▸ INSTRUCTIONS FOR THE TASK: Please repeat the lines below exactly. Begin with the line containing "ennreal_of_enat (min (reset_time_from n S" and go on through the line containing "y) \<omega>) m)".

───── EXERCISE DATA ─────

lemma reset_mean_upto_eSuc:
  assumes "\<not> {1..n} \<subseteq> S"
  shows "reset_mean_upto (eSuc m) S
    = 1 + ennreal \<rho> * reset_mean_upto m {} + (\<Sum>i\<in>{1..n}. ennreal (p i) * reset_mean_upto m (insert i S))"
proof -
  interpret paths: prob_space reset_paths
    by (rule prob_space.prob_space_stream_space) (rule prob_space_measure_pmf)
  have "reset_mean_upto (eSuc m) S = (\<integral>\<^sup>+y. \<integral>\<^sup>+\<omega>.
      ennreal_of_enat (min (reset_time_from n S (y ## \<omega>)) (eSuc m)) \<partial>reset_paths \<partial>measure_pmf (reset_draw n \<rho> p))"
    unfolding reset_mean_upto_def
    by (rule prob_space.nn_integral_stream_space[OF prob_space_measure_pmf]) measurable
  also have "\<dots> = (\<integral>\<^sup>+y. \<integral>\<^sup>+\<omega>. 1 + ennreal_of_enat (min (reset_time_from n (reset_update S y) \<omega>) m)
      \<partial>reset_paths \<partial>measure_pmf (reset_draw n \<rho> p))"
    using assms by (simp add: reset_time_from_Cons min_eSuc_eSuc)
  also have "\<dots> = (\<integral>\<^sup>+y. 1 + reset_mean_upto m (reset_update S y) \<partial>measure_pmf (reset_draw n \<rho> p))"
    by (subst nn_integral_add) (simp_all add: reset_mean_upto_def paths.emeasure_space_1)
  also have "\<dots> = 1 + ennreal \<rho> * reset_mean_upto m {} + (\<Sum>i\<in>{1..n}. ennreal (p i) * reset_mean_upto m (insert i S))"
    by (subst nn_integral_add) (simp_all add: measure_pmf.emeasure_space_1 nn_integral_reset_draw add.assoc)
  finally show ?thesis .
qed

lemma reset_mean_upto_infinity: "reset_mean_upto \<infinity> S = (SUP m. reset_mean_upto (enat m) S)"
  unfolding reset_mean_upto_def min_enat_simps(4)
  by (subst ennreal_of_enat_eq_SUP_min, rule nn_integral_monotone_convergence_SUP)
    (auto simp: incseq_def le_fun_def ennreal_of_enat_le_iff min_le_iff_disj)
text \<open>This is what turns membership in \<open>\<Omega>\<close> and \<open>K\<close> into statements about \<open>\<phi>\<close>.\<close>
lemma cconj_usub_coupling:
  assumes "\<forall>x. f x \<noteq> -\<infinity>" "\<beta> > 0"
  shows "cconj (\<lambda>x. usub (f x) (coupling x (- xs, - ys, \<alpha>))) (us, (\<lambda>_. 0), \<beta>)
       = cconj f (us - xs, - ys, \<alpha>)"
  unfolding cconj_zero_slope[OF assms(2)] unfolding cconj_def
proof (rule SUP_cong[OF refl])
  fix x
  show "lsub (ereal (us x)) (usub (f x) (coupling x (- xs, - ys, \<alpha>)))
      = lsub (coupling x (us - xs, - ys, \<alpha>)) (f x)"
    using assms(1) unfolding lsub_def usub_def coupling_def by (cases "f x") auto
qed

lemma cconj_add_indic_le:
  assumes "\<beta> > 0"
  shows "cconj (\<lambda>x. f x + indic A x) (us, (\<lambda>_. 0), \<beta>)
       \<le> cconj f (us - xs, - ys, \<alpha>) + cconj (indic A) (xs, ys, \<alpha>)"
  unfolding cconj_zero_slope[OF assms]
proof (rule SUP_least)
  fix x
  have "lsub (ereal (us x)) (f x + indic A x)
      \<le> lsub (coupling x (us - xs, - ys, \<alpha>)) (f x) + lsub (coupling x (xs, ys, \<alpha>)) (indic A x)"
    unfolding lsub_def coupling_def indic_def by (cases "f x") auto
  also have "\<dots> \<le> cconj f (us - xs, - ys, \<alpha>) + cconj (indic A) (xs, ys, \<alpha>)"
    unfolding cconj_def by (intro add_mono SUP_upper) simp_all
  finally show "lsub (ereal (us x)) (f x + indic A x) \<le> \<dots>" .
qed

lemma mem_wshift_iff:
  "((a, b, c), r) \<in> wshift E ((a', b', c'), r') \<longleftrightarrow> (((\<lambda>x. a x + a' x), (\<lambda>x. b x + b' x), c + c'), r + r') \<in> E"
proof
  assume "((a, b, c), r) \<in> wshift E ((a', b', c'), r')"
  then obtain qa qb qc qr where "((qa, qb, qc), qr) \<in> E" "a = qa - a'" "b = qb - b'" "c = qc - c'" "r = qr - r'"
    unfolding wshift_def by auto
  moreover have "(\<lambda>x. a x + a' x) = qa" "(\<lambda>x. b x + b' x) = qb"
    using calculation by auto
  ultimately show "(((\<lambda>x. a x + a' x), (\<lambda>x. b x + b' x), c + c'), r + r') \<in> E" by simp
next
  assume "(((\<lambda>x. a x + a' x), (\<lambda>x. b x + b' x), c + c'), r + r') \<in> E"
  then show "((a, b, c), r) \<in> wshift E ((a', b', c'), r')"
    unfolding wshift_def by (force intro!: image_eqI[where x="(((\<lambda>x. a x + a' x), (\<lambda>x. b x + b' x), c + c'), r + r')"])
qed

lemma origin_in_edom_cconj_indic: "((\<lambda>_. 0), (\<lambda>_. 0), 1) \<in> edom (Wsp T) (cconj (indic A))"
proof -
  have "cconj (indic A) ((\<lambda>_. 0), (\<lambda>_. 0), 1) \<le> 0"
    unfolding cconj_def by (rule SUP_least) (auto simp: lsub_def indic_def coupling_def)
  then show ?thesis unfolding edom_def Wsp_def using zero_in_tdual by auto
qed

lemma OKpiece_Bset_iff:
  assumes "proper_fun f" "proper_fun g" "A \<noteq> {}" "\<beta> > 0"
    and u: "u \<in> edom (Wsp T) (cconj g)" and z: "z \<in> edom (Wsp T) (cconj (indic A))"
  shows "(((\<lambda>_. 0), (\<lambda>_. 0), \<beta>), r) \<in> OKpiece T f g A z u \<longleftrightarrow> ereal (- r) \<le> phiF f g A u z"
proof -
  obtain us vs \<gamma> where u_eq: "u = (us, vs, \<gamma>)" by (cases u)
  obtain xs ys \<alpha> where z_eq: "z = (xs, ys, \<alpha>)" by (cases z)
  define G where "G = real_of_ereal (cconj g u)"
  define D where "D = real_of_ereal (cconj (indic A) z)"
  define F where "F = cconj f (us - xs, - ys, \<alpha>)"
  have G: "cconj g u = ereal G" unfolding G_def using cconj_real_on_edom[OF assms(2) u] .
  have D: "cconj (indic A) z = ereal D"
    unfolding D_def using cconj_real_on_edom[OF proper_fun_indic[OF assms(3)] z] .
  have "\<forall>x. f x \<noteq> -\<infinity>" using assms(1) unfolding proper_fun_def by simp
  moreover have "us \<in> tdual T" using u unfolding u_eq edom_def Wsp_def by simp
  ultimately have "(((\<lambda>_. 0), (\<lambda>_. 0), \<beta>), r) \<in> OKpiece T f g A z u \<longleftrightarrow> F \<le> ereal (r + (G - D))"
    using assms(4) unfolding OKpiece_def F_def
    by (simp add: z_eq u_eq G_def D_def mem_wshift_iff wepi_def Wsp_def zero_in_tdual cconj_usub_coupling)
  also have "\<dots> \<longleftrightarrow> ereal (- r) \<le> lsub (lsub (ereal G) F) (ereal D)"
    by (cases F) (auto simp: lsub_def)
  also have "lsub (lsub (ereal G) F) (ereal D) = phiF f g A u z"
    using G D by (simp add: z_eq u_eq phiF_triple F_def)
  finally show ?thesis .
qed

lemma OmegaSet_Bset_iff:
  assumes "proper_fun f" "proper_fun g" "A \<noteq> {}" "\<beta> > 0"
  shows "(((\<lambda>_. 0), (\<lambda>_. 0), \<beta>), r) \<in> OmegaSet T f g A \<longleftrightarrow>
    (\<exists>z \<in> edom (Wsp T) (cconj (indic A)). \<forall>u \<in> edom (Wsp T) (cconj g). ereal (- r) \<le> phiF f g A u z)"
  unfolding OmegaSet_def using OKpiece_Bset_iff[OF assms] by simp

─────

▸ OUTPUT BELOW:
      ennreal_of_enat (min (reset_time_from n S (y ## \<omega>)) (eSuc m)) \<partial>reset_paths \<partial>measure_pmf (reset_draw n \<rho> p))"
    unfolding reset_mean_upto_def
    by (rule prob_space.nn_integral_stream_space[OF prob_space_measure_pmf]) measurable
  also have "\<dots> = (\<integral>\<^sup>+y. \<integral>\<^sup>+\<omega>. 1 + ennreal_of_enat (min (reset_time_from n (reset_update S y) \<omega>) m)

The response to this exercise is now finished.